THE TASK:
Please copy every line of the data in which the string "real" appears.

[[ ENTRIES SUPPLIED, beginning ]]

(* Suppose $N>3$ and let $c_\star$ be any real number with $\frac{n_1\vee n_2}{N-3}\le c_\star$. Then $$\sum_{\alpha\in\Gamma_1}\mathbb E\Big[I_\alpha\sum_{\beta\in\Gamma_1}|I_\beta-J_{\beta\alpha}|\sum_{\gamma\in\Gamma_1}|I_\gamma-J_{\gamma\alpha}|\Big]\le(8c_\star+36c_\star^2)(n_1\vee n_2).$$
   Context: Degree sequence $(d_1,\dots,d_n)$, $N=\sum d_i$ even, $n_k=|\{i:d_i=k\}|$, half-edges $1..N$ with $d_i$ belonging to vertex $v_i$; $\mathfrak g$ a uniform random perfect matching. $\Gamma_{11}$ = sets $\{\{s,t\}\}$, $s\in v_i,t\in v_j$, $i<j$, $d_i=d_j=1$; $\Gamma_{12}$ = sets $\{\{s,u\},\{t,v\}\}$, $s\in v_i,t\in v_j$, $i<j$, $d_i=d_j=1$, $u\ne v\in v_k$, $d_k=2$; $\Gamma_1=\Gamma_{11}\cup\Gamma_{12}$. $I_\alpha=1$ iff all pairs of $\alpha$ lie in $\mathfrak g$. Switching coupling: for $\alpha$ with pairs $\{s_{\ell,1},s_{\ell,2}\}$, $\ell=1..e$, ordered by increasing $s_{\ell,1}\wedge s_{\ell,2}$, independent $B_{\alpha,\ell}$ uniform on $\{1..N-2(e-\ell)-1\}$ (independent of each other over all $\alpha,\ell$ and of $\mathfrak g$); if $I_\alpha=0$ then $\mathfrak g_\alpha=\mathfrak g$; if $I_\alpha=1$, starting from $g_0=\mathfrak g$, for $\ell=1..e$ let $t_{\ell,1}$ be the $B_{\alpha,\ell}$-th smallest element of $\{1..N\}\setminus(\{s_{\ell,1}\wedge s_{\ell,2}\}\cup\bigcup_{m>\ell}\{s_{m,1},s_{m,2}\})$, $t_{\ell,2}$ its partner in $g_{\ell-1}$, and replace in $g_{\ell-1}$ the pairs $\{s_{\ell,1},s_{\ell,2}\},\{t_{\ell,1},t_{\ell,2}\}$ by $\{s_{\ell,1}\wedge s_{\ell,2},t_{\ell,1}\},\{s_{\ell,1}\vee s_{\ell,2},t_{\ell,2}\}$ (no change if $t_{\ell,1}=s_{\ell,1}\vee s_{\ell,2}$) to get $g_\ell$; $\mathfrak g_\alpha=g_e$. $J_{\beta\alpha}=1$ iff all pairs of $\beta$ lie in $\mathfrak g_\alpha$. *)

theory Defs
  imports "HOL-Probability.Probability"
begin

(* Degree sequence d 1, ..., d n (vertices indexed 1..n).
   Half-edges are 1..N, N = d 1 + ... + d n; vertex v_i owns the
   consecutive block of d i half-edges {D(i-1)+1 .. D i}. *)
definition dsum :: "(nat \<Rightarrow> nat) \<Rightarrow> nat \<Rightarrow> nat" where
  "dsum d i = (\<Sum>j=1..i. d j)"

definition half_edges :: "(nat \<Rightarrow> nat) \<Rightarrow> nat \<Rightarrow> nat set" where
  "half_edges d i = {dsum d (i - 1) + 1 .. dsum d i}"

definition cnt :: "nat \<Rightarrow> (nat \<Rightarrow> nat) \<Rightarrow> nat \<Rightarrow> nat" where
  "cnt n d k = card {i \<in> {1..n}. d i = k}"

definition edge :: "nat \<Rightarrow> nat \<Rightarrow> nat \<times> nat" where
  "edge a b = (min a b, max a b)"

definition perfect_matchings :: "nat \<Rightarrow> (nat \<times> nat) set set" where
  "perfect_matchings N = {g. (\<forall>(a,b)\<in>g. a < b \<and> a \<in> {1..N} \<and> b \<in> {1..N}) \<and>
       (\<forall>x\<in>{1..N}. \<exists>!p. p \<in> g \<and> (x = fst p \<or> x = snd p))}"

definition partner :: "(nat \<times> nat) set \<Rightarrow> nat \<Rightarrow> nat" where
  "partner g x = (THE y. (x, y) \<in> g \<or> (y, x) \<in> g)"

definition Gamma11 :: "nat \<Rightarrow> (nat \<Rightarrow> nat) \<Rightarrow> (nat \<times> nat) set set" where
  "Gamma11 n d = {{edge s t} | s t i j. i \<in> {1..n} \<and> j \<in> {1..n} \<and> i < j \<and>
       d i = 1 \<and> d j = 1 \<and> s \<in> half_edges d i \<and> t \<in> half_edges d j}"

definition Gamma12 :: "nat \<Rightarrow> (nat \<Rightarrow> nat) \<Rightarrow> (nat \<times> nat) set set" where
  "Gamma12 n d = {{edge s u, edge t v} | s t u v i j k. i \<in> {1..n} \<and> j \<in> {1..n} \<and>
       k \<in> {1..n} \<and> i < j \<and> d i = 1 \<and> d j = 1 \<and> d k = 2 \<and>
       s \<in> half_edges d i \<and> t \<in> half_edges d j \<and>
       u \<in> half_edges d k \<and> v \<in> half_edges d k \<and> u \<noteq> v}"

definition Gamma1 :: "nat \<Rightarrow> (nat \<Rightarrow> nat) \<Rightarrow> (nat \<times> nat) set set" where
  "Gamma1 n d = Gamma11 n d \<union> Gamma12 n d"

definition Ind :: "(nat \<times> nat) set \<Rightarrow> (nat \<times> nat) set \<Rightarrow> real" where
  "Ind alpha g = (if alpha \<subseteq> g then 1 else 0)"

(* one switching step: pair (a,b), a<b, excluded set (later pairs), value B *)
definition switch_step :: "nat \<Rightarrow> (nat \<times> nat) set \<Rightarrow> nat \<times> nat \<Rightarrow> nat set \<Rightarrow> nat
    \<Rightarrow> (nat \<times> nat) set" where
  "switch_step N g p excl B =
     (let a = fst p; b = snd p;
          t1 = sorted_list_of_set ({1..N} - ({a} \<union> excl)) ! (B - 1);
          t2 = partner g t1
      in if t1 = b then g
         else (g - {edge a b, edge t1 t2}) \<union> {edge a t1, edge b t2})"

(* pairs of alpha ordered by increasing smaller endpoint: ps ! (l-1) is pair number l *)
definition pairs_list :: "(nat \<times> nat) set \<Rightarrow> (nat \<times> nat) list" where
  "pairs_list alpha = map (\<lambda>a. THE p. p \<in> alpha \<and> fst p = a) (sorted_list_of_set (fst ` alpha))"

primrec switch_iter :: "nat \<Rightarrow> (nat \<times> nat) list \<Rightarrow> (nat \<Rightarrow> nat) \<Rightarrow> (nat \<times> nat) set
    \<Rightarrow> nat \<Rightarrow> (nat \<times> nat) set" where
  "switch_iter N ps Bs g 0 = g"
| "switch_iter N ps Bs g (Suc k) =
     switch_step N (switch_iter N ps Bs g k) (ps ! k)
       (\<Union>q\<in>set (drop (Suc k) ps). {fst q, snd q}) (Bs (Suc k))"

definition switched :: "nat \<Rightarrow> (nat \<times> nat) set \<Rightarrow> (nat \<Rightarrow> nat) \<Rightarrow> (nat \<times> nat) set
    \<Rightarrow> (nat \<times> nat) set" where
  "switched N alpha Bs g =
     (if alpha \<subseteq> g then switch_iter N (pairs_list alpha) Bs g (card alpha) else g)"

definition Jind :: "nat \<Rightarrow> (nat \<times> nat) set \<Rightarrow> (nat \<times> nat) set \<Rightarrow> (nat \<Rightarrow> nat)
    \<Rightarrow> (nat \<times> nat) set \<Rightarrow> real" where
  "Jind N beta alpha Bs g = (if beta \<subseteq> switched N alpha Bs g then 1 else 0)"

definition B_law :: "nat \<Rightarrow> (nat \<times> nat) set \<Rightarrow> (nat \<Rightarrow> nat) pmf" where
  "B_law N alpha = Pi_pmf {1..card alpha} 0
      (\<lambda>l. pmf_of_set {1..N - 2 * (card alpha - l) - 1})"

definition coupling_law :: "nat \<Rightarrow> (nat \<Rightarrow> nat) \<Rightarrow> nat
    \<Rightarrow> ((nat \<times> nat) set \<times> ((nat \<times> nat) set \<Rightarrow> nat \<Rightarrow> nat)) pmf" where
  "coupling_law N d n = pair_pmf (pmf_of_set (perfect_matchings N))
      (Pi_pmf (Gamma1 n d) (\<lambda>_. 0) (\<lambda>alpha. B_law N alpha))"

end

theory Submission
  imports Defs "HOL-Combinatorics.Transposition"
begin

[[ ENTRIES SUPPLIED, end ]]

REPLY:
(* Suppose $N>3$ and let $c_\star$ be any real number with $\frac{n_1\vee n_2}{N-3}\le c_\star$. Then $$\sum_{\alpha\in\Gamma_1}\mathbb E\Big[I_\alpha\sum_{\beta\in\Gamma_1}|I_\beta-J_{\beta\alpha}|\sum_{\gamma\in\Gamma_1}|I_\gamma-J_{\gamma\alpha}|\Big]\le(8c_\star+36c_\star^2)(n_1\vee n_2).$$
definition Ind :: "(nat \<times> nat) set \<Rightarrow> (nat \<times> nat) set \<Rightarrow> real" where
    \<Rightarrow> (nat \<times> nat) set \<Rightarrow> real" where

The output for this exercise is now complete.